→ **Aim of the exercise**: Check each line of the entries for "then" and report the ones that have it.

[Stored data entries]
definition geometric_realization :: "nat set set \<Rightarrow> (nat \<Rightarrow> 'v::real_vector) \<Rightarrow> bool" where
  "geometric_realization K w \<longleftrightarrow>
     (\<forall>\<sigma>\<in>K. inj_on w \<sigma> \<and> \<not> affine_dependent (w ` \<sigma>)) \<and>
     (\<forall>\<sigma>\<in>K. \<forall>\<tau>\<in>K. convex hull (w ` \<sigma>) \<inter> convex hull (w ` \<tau>)
                       = convex hull (w ` (\<sigma> \<inter> \<tau>)))"

definition star_shaped_sphere ::
  "'n::finite itself \<Rightarrow> nat set set \<Rightarrow> nat \<Rightarrow> nat \<Rightarrow> bool" where
  "star_shaped_sphere _ K m n \<longleftrightarrow>
     CARD('n) = n \<and> simplicial_complex_on K m \<and>
     (\<forall>\<sigma>\<in>K. card \<sigma> \<le> n) \<and> (\<exists>\<sigma>\<in>K. card \<sigma> = n) \<and>
     (\<exists>(w::nat \<Rightarrow> real^'n) p.
        geometric_realization K w \<and>
        polyhedron K w homeomorphic sphere (0::real^'n) 1 \<and>
        (\<forall>u. u \<noteq> 0 \<longrightarrow> (\<exists>!x. x \<in> polyhedron K w \<and> (\<exists>t\<ge>0. x = p + t *\<^sub>R u))))"

(* Lambda (n x m) sends the vertices of each (n-1)-face of K to a basis of R^n:
   every v in R^n is a unique R-linear combination of the a_i, i in sigma *)
definition characteristic_map :: "nat set set \<Rightarrow> nat \<Rightarrow> nat \<Rightarrow> 'a::comm_ring_1 mat \<Rightarrow> bool" where
  "characteristic_map K m n \<Lambda> \<longleftrightarrow> \<Lambda> \<in> carrier_mat n m \<and>
     (\<forall>\<sigma>\<in>K. card \<sigma> = n \<longrightarrow>
        (\<forall>v \<in> carrier_vec n. \<exists>!c::nat \<Rightarrow> 'a.
            (\<forall>i. i \<notin> \<sigma> \<longrightarrow> c i = 0) \<and>
            (\<forall>\<rho><n. v $ \<rho> = (\<Sum>i\<in>\<sigma>. c i * \<Lambda> $$ (\<rho>, i - 1)))))"

definition reduced_marked :: "nat \<Rightarrow> 'a::zero vec \<Rightarrow> nat \<Rightarrow> bool" where
  "reduced_marked m r v \<longleftrightarrow> r \<in> carrier_vec m \<and> v \<in> {1..m} \<and> r $ (v - 1) = 0"

(* Columns (0-based positions) are in the order
   1_1, 1_2, 2_1, 2_2, ..., k_1, k_2, k+1, ..., m:
   position 2(i-1) is i_1, position 2(i-1)+1 is i_2 (i \<le> k),
   position k+i-1 is i (i > k). Row n+t-1 (0-based) is the row of r^t. *)
definition M_mat :: "'a::comm_ring_1 mat \<Rightarrow> 'a vec list \<Rightarrow> 'a mat" where
  "M_mat \<Lambda> rs = (let n = dim_row \<Lambda>; m = dim_col \<Lambda>; k = length rs in
     mat (n + k) (m + k) (\<lambda>(\<rho>, c).
       let i = (if c < 2 * k then c div 2 + 1 else c - k + 1);
           second = (c < 2 * k \<and> c mod 2 = 1) in
       if \<rho> < n then (if second then 0 else \<Lambda> $$ (\<rho>, i - 1))
       else (let t = \<rho> - n + 1; r = rs ! (t - 1);
                 \<delta> = (if i = t then 1 else 0) in
             if c < 2 * k then (if second then \<delta> else r $ (i - 1) - \<delta>)
             else r $ (i - 1))))"

definition delete_last_row_col :: "'a mat \<Rightarrow> nat \<Rightarrow> 'a mat" where
  "delete_last_row_col A c = mat (dim_row A - 1) (dim_col A - 1)
     (\<lambda>(i, j). A $$ (i, if j < c then j else Suc j))"

(* all representatives of proj_c A: choose g in GL_N(R) with g A_c = e_N,
   and delete from gA the last row and column c *)
definition proj_reps :: "'a::comm_ring_1 mat \<Rightarrow> nat \<Rightarrow> 'a mat set" where
  "proj_reps A c = {delete_last_row_col (g * A) c | g.
     g \<in> carrier_mat (dim_row A) (dim_row A) \<and> invertible_mat g \<and>
     g *\<^sub>v col A c = unit_vec (dim_row A) (dim_row A - 1)}"

definition DJ_equiv :: "'a::comm_ring_1 mat \<Rightarrow> 'a mat \<Rightarrow> bool" where
  "DJ_equiv A B \<longleftrightarrow> (\<exists>h. h \<in> carrier_mat (dim_row A) (dim_row A) \<and>
     invertible_mat h \<and> B \<in> carrier_mat (dim_row A) (dim_col A) \<and> A = h * B)"

definition Lambda_twist :: "'a::comm_ring_1 mat \<Rightarrow> 'a vec \<Rightarrow> nat \<Rightarrow> 'a mat" where
  "Lambda_twist \<Lambda> s w = mat (dim_row \<Lambda>) (dim_col \<Lambda>) (\<lambda>(\<rho>, j).
     if j = w - 1 then \<Lambda> $$ (\<rho>, j) else \<Lambda> $$ (\<rho>, j) + s $ j * \<Lambda> $$ (\<rho>, w - 1))"

definition row_twist :: "'a::comm_ring_1 vec \<Rightarrow> 'a vec \<Rightarrow> nat \<Rightarrow> 'a vec" where
  "row_twist r s w = vec (dim_vec r) (\<lambda>j.
     if j = w - 1 then r $ j else r $ j + s $ j * r $ (w - 1))"

end

(* Column k_1 of M(Lambda; r^1, ..., r^k) has the entry r^k_k - 1 = -1 in its last row.  Adding
   suitable multiples of the last row to the other rows and negating the last row turns this column
   into the last unit vector; after deleting that row and column, column i_1 becomes
   a_i + r^k_i a_k on top of r^t_i + r^k_i r^t_k - delta_it, which is the matrix of the twisted data.
   Any two admissible row operations differ by an invertible matrix fixing the last unit vector,
   and deleting the last row and column of such a matrix keeps it invertible, so all
   representatives of the projection are D-J equivalent. *)

theory Submission
  imports Defs
begin

lemma invertible_matE:
  fixes A :: "'a::comm_ring_1 mat"
  assumes A: "A \<in> carrier_mat n n" and inv: "invertible_mat A"
  obtains B where "B \<in> carrier_mat n n" "A * B = 1\<^sub>m n" "B * A = 1\<^sub>m n"
proof -
  obtain B where AB: "A * B = 1\<^sub>m n" and BA: "B * A = 1\<^sub>m (dim_row B)"
    using inv A unfolding invertible_mat_def inverts_mat_def by auto
  have "dim_row B = n"
    using BA A by (metis carrier_matD(2) index_mult_mat(3) index_one_mat(3))
  moreover have "dim_col B = n"
    using AB by (metis index_mult_mat(3) index_one_mat(3))
  ultimately show thesis
    using that AB BA by auto
qed

lemma invertible_matI:
  fixes A :: "'a::comm_ring_1 mat"
  assumes "A \<in> carrier_mat n n" "B \<in> carrier_mat n n" "A * B = 1\<^sub>m n" "B * A = 1\<^sub>m n"
  shows "invertible_mat A"
  using assms unfolding invertible_mat_def inverts_mat_def by auto

lemma invertible_mat_mult:
  fixes A B :: "'a::comm_ring_1 mat"
  assumes A: "A \<in> carrier_mat n n" and B: "B \<in> carrier_mat n n"
    and "invertible_mat A" "invertible_mat B"
  shows "invertible_mat (A * B)"
proof -
  obtain A' where A': "A' \<in> carrier_mat n n" "A * A' = 1\<^sub>m n" "A' * A = 1\<^sub>m n"
    using invertible_matE[OF A \<open>invertible_mat A\<close>] .
  obtain B' where B': "B' \<in> carrier_mat n n" "B * B' = 1\<^sub>m n" "B' * B = 1\<^sub>m n"
    using invertible_matE[OF B \<open>invertible_mat B\<close>] .
  have "(A * B) * (B' * A') = A * (B * (B' * A'))"
    using A B A' B' by (intro assoc_mult_mat) auto
  also have "\<dots> = A * ((B * B') * A')"
    using B A' B' by (subst assoc_mult_mat[of B n n B' n A']) auto
  also have "\<dots> = 1\<^sub>m n"
    unfolding B'(2) using A A' by simp
  finally have right: "(A * B) * (B' * A') = 1\<^sub>m n" .
  have "(B' * A') * (A * B) = B' * (A' * (A * B))"
    using A B A' B' by (intro assoc_mult_mat) auto
  also have "\<dots> = B' * ((A' * A) * B)"
    using A B A' by (subst assoc_mult_mat[of A' n n A n B]) auto
  also have "\<dots> = 1\<^sub>m n"
    unfolding A'(3) using B B' by simp
  finally have left: "(B' * A') * (A * B) = 1\<^sub>m n" .
  show ?thesis
    using A B A' B' right left by (intro invertible_matI) auto
qed

lemma col_eq_mult_unit_vec:
  fixes A :: "'a::comm_ring_1 mat"
  assumes "A \<in> carrier_mat nr nc" "j < nc"
  shows "col A j = A *\<^sub>v unit_vec nc j"
  using col_mult2[of A nr nc "1\<^sub>m nc" nc j] assms by simp

lemma dim_delete_last_row_col [simp]:
  "dim_row (delete_last_row_col A c) = dim_row A - 1"
  "dim_col (delete_last_row_col A c) = dim_col A - 1"
  by (simp_all add: delete_last_row_col_def)

lemma delete_last_row_col_carrier:
  "A \<in> carrier_mat nr nc \<Longrightarrow> delete_last_row_col A c \<in> carrier_mat (nr - 1) (nc - 1)"
  unfolding carrier_mat_def by simp

lemma index_delete_last_row_col [simp]:
  "i < dim_row A - 1 \<Longrightarrow> j < dim_col A - 1 \<Longrightarrow>
    delete_last_row_col A c $$ (i, j) = A $$ (i, if j < c then j else Suc j)"
  by (simp add: delete_last_row_col_def)

lemma delete_last_row_col_one: "delete_last_row_col (1\<^sub>m N) (N - 1) = 1\<^sub>m (N - 1)"
  by (rule eq_matI) auto

text \<open>Deleting the last row and column is multiplicative on matrices whose last column is the
  last unit vector: these are block lower triangular with a one-by-one corner block.\<close>

lemma delete_last_row_col_mult:
  fixes h X :: "'a::comm_ring_1 mat"
  assumes h: "h \<in> carrier_mat N N" and h_last: "col h (N - 1) = unit_vec N (N - 1)"
    and X: "X \<in> carrier_mat N nc" and N: "0 < N"
  shows "delete_last_row_col (h * X) c = delete_last_row_col h (N - 1) * delete_last_row_col X c"
proof (rule eq_matI)
  fix i j
  assume "i < dim_row (delete_last_row_col h (N - 1) * delete_last_row_col X c)"
    and "j < dim_col (delete_last_row_col h (N - 1) * delete_last_row_col X c)"
  with h X have i: "i < N - 1" and j: "j < nc - 1" by auto
  define j' where "j' = (if j < c then j else Suc j)"
  have j': "j' < nc" using j by (auto simp: j'_def)
  have "h $$ (i, N - 1) = col h (N - 1) $ i" using h i by simp
  then have corner: "h $$ (i, N - 1) = 0" using h_last i by simp
  have "delete_last_row_col (h * X) c $$ (i, j) = (\<Sum>l<Suc (N - 1). h $$ (i, l) * X $$ (l, j'))"
    using h X i j j' N by (simp add: j'_def scalar_prod_def atLeast0LessThan)
  also have "\<dots> = (\<Sum>l<N - 1. h $$ (i, l) * X $$ (l, j'))"
    using corner by simp
  also have "\<dots> = (delete_last_row_col h (N - 1) * delete_last_row_col X c) $$ (i, j)"
    using h X i j by (simp add: j'_def scalar_prod_def atLeast0LessThan)
  finally show "delete_last_row_col (h * X) c $$ (i, j)
    = (delete_last_row_col h (N - 1) * delete_last_row_col X c) $$ (i, j)" .
qed (use h X in auto)

lemma invertible_delete_last_row_col:
  fixes h :: "'a::comm_ring_1 mat"
  assumes h: "h \<in> carrier_mat N N" and h_last: "col h (N - 1) = unit_vec N (N - 1)"
    and inv: "invertible_mat h" and N: "0 < N"
  shows "invertible_mat (delete_last_row_col h (N - 1))"
proof -
  obtain h' where h': "h' \<in> carrier_mat N N" "h * h' = 1\<^sub>m N" "h' * h = 1\<^sub>m N"
    using invertible_matE[OF h inv] .
  have "col h' (N - 1) = h' *\<^sub>v col h (N - 1)"
    unfolding h_last using col_eq_mult_unit_vec[OF h'(1)] N by simp
  also have "\<dots> = unit_vec N (N - 1)"
    using h h' N by (simp flip: col_mult2)
  finally have h'_last: "col h' (N - 1) = unit_vec N (N - 1)" .
  show ?thesis
    using delete_last_row_col_mult[OF h h_last h'(1) N, of "N - 1",
        unfolded h'(2) delete_last_row_col_one, symmetric]
      delete_last_row_col_mult[OF h'(1) h'_last h N, of "N - 1",
        unfolded h'(3) delete_last_row_col_one, symmetric] h h'
    by (intro invertible_matI[of _ "N - 1" "delete_last_row_col h' (N - 1)"]) auto
qed

lemma proj_repsE:
  assumes "P \<in> proj_reps A c"
  obtains g where "g \<in> carrier_mat (dim_row A) (dim_row A)" "invertible_mat g"
    "g *\<^sub>v col A c = unit_vec (dim_row A) (dim_row A - 1)" "P = delete_last_row_col (g * A) c"
  using assms that unfolding proj_reps_def mem_Collect_eq by (elim exE conjE) simp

→ **Solved exercise**:
       let i = (if c < 2 * k then c div 2 + 1 else c - k + 1);
       if \<rho> < n then (if second then 0 else \<Lambda> $$ (\<rho>, i - 1))
                 \<delta> = (if i = t then 1 else 0) in
             if c < 2 * k then (if second then \<delta> else r $ (i - 1) - \<delta>)
     (\<lambda>(i, j). A $$ (i, if j < c then j else Suc j))"
     if j = w - 1 then \<Lambda> $$ (\<rho>, j) else \<Lambda> $$ (\<rho>, j) + s $ j * \<Lambda> $$ (\<rho>, w - 1))"
     if j = w - 1 then r $ j else r $ j + s $ j * r $ (w - 1))"
    delete_last_row_col A c $$ (i, j) = A $$ (i, if j < c then j else Suc j)"
  define j' where "j' = (if j < c then j else Suc j)"
  then have corner: "h $$ (i, N - 1) = 0" using h_last i by simp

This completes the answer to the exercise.